Your task is to filter the data below down to the lines holding "unfolding".
Data for the task Start Marker
lemma missing_writhe_parity:
  assumes x: "is_cap x" and t: "\<not> is_cap t" and mid: "cup_cap_pairs mid"
    and turning: "4 dvd (sum_list (map turn (x # mid @ [t])) + 2 * w - 2)"
  shows "odd (w - writhe_from [True, False] (zigzags mid) - writhe_from [True, False] (cup_top t)) \<longleftrightarrow>
    x = CapL"
proof -
  define v where "v = w - writhe_from [True, False] (zigzags mid) - writhe_from [True, False] (cup_top t)"
  have "turn x + 2 * of_bool (x = CapL) = 1"
    using cap_cases[OF x] by auto
  moreover have "turn t + 2 * writhe_from [True, False] (cup_top t) = 1"
    using cup_cases[OF t] writhe_cup_top[OF t] by auto
  ultimately have eq: "2 * (v - of_bool (x = CapL)) = (sum_list (map turn (x # mid @ [t])) + 2 * w - 2) -
      (sum_list (map turn mid) + 2 * writhe_from [True, False] (zigzags mid))"
    by (simp add: v_def)
  have "4 dvd (2 * (v - of_bool (x = CapL)))"
    unfolding eq by (rule dvd_diff[OF turning turn_writhe_zigzags_mod_4[OF mid]])
  then obtain q where "2 * (v - of_bool (x = CapL)) = 4 * q"
    by (elim dvdE)
  then have "v = 2 * q + of_bool (x = CapL)"
    by simp
  then show ?thesis
    unfolding v_def[symmetric] by (cases "x = CapL") simp_all
qed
Data for the task End Marker
■ **Written reply**:
    unfolding eq by (rule dvd_diff[OF turning turn_writhe_zigzags_mod_4[OF mid]])
    unfolding v_def[symmetric] by (cases "x = CapL") simp_all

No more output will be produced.